Valuation and expected return
At the midpoint of its 2021 FFO per share forecast ($ 12.28 per share), Essex is trading a multiple of 23. We’re seeing a fair value at 18 times the FFO per share, which is a potential headwind of 4.8 % means for the total annual return. As a result, Essex is currently overrated.
When we combine the unfavorable valuation, current dividend yield of 2.9%, and projected FFO per share growth of 4.1%, we have a projected total annual return for shareholders of just 2.2%.
Essex has paid rising dividends for 27 straight years. According to the company, it has increased its dividend by 400% cumulative since going public.
For obvious reasons, dividend growth investors likely find this to be an attractive quality, and we expect Essex to keep increasing the payout each year for the foreseeable future.
Unfortunately, this alone is not enough to justify a buy recommendation, as we are careful with the evaluation.
Essex has been undoubtedly a world-class REIT since it went public and began paying dividends over a quarter of a century ago. The trust has very favorable long-term demographics working in its favor and a management team keen to unlock shareholder value.
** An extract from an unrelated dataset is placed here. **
(* Fix the following data: an integer $N_{\text{t}}\ge 2$, constants $\tilde P>0$, $H>0$, $y_{\min}>0$, $v_{\text{A,max}}>0$, $\Delta T>0$, $0<w_{\min}\le w_{\max}\le 1$, $\varepsilon_{\text{out}}\in(0,1)$, and a point $\hat{\mathbf q}_{n-1}\in\mathbb R^2$. Let $\breve{\mathbf q}_n=[\breve x_n,\breve y_n]^T\in\mathbb R^2$ and $w_n$ satisfy $\|\breve{\mathbf q}_n-\hat{\mathbf q}_{n-1}\|\le v_{\text{A,max}}\Delta T$, $\breve y_n\ge y_{\min}$, and $w_{\min}\le w_n\le w_{\max}$, and, for these fixed $\breve{\mathbf q}_n$ and $w_n$, let $\breve{\boldsymbol\Lambda}_n$ and $\hat{\boldsymbol\Lambda}_n$ be the associated $2\times 2$ positive-definite covariance matrices (which do not depend on $\boldsymbol\gamma_n$). Then the function $$\boldsymbol\gamma_n=[\breve\gamma_n,\hat\gamma_n]^T\;\longmapsto\;\tilde\varkappa(\breve{\mathbf q}_n,w_n,\boldsymbol\gamma_n)=\max\bigl(\zeta(\breve\gamma_n;\breve{\boldsymbol\Lambda}_n),\,\zeta(\hat\gamma_n;\hat{\boldsymbol\Lambda}_n)\bigr)-\varepsilon_{\text{out}},$$ defined on $\{\boldsymbol\gamma_n:\ \mathbf 0\prec\boldsymbol\gamma_n\prec\gamma_{\max}\mathbf 1_2\}$ with $\gamma_{\max}=\tilde P N_{\text{t}}/(y_{\min}^2+H^2)$, is monotonically nondecreasing in $\boldsymbol\gamma_n$ (with respect to the componentwise order).
   Context: Notation: $\prec$ is componentwise strict inequality, $\mathbf 0$ and $\mathbf 1_2$ are the $2\times1$ zero and all-ones vectors, $\mathrm{erf}$ is the error function. Set $M=\frac{N_{\text{t}}\pi^2(N_{\text{t}}^2-1)}{24}$ and $r^2=\breve x_n^2+\breve y_n^2$. For $\gamma>0$ define $D(\gamma)=r^6\gamma+\breve x_n^2\breve y_n^2\tilde P M$, $Y_0=\frac{\breve x_n\breve y_n^3\tilde P M}{D(\gamma)}$, $Y_1=\frac{(\tilde P N_{\text{t}}-H^2\gamma)\,r^6}{D(\gamma)}$, $Y_2=-\frac{r^8\,(r^4\gamma^2+\tilde P M\breve y_n^2\gamma)}{D(\gamma)^2}$, and for $x\in\mathbb R$: $x_{\text U}=-\breve x_n+\sqrt{-Y_1/Y_2}$, $x_{\text L}=-\breve x_n-\sqrt{-Y_1/Y_2}$, $y_{\text U}(x)=-\breve y_n+Y_0(x+\breve x_n)+\sqrt{Y_1+Y_2(x+\breve x_n)^2}$, $y_{\text L}(x)=-\breve y_n+Y_0(x+\breve x_n)-\sqrt{Y_1+Y_2(x+\breve x_n)^2}$. For a positive-definite matrix $\boldsymbol\Lambda=\begin{bmatrix}\Lambda_{\text x}^2&\Lambda_{\text{xy}}^2\\ \Lambda_{\text{xy}}^2&\Lambda_{\text y}^2\end{bmatrix}$ define $\chi_{\text U}(x)=\frac{\Lambda_{\text x}^2 y_{\text U}(x)-\Lambda_{\text{xy}}^2 x}{\sqrt{2|\det\boldsymbol\Lambda|}\,\Lambda_{\text x}}$, $\chi_{\text L}(x)=\frac{\Lambda_{\text x}^2 y_{\text L}(x)-\Lambda_{\text{xy}}^2 x}{\sqrt{2|\det\boldsymbol\Lambda|}\,\Lambda_{\text x}}$, $\chi(x)=\frac{\mathrm{erf}(\chi_{\text U}(x))-\mathrm{erf}(\chi_{\text L}(x))}{2}$ if $x\in[x_{\text L},x_{\text U}]$ and $\chi(x)=0$ otherwise, and the approximated outage probability $\zeta(\gamma;\boldsymbol\Lambda)=1-\mathbb E_{x}[\chi(x)]$, where $x\sim\mathcal N(0,\Lambda_{\text x}^2)$. (In the paper, $\zeta(\breve\gamma_n;\breve{\boldsymbol\Lambda}_n)$ and $\zeta(\hat\gamma_n;\hat{\boldsymbol\Lambda}_n)$ are the approximated outage probabilities at the prediction and estimation stages; $\breve{\boldsymbol\Lambda}_n$ and $\hat{\boldsymbol\Lambda}_n$ are the position blocks (entries $(1,1),(1,3),(3,1),(3,3)$) of the EKF prediction and estimation MSE matrices, and in both stages the formulas above use the predicted position $(\breve x_n,\breve y_n)$.) *)

theory Defs
  imports "HOL-Probability.Probability"
begin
We believe Essex will have moderate growth over the long term and will keep increasing its dividend every year.
In our view, however, stocks are overvalued, which means the overall return on the stock is expected to be modest. Value and income investors should therefore wait for a price that is closer to fair value before buying shares. However, the stock is attractive to investors looking for dividend security and steady dividend growth over time.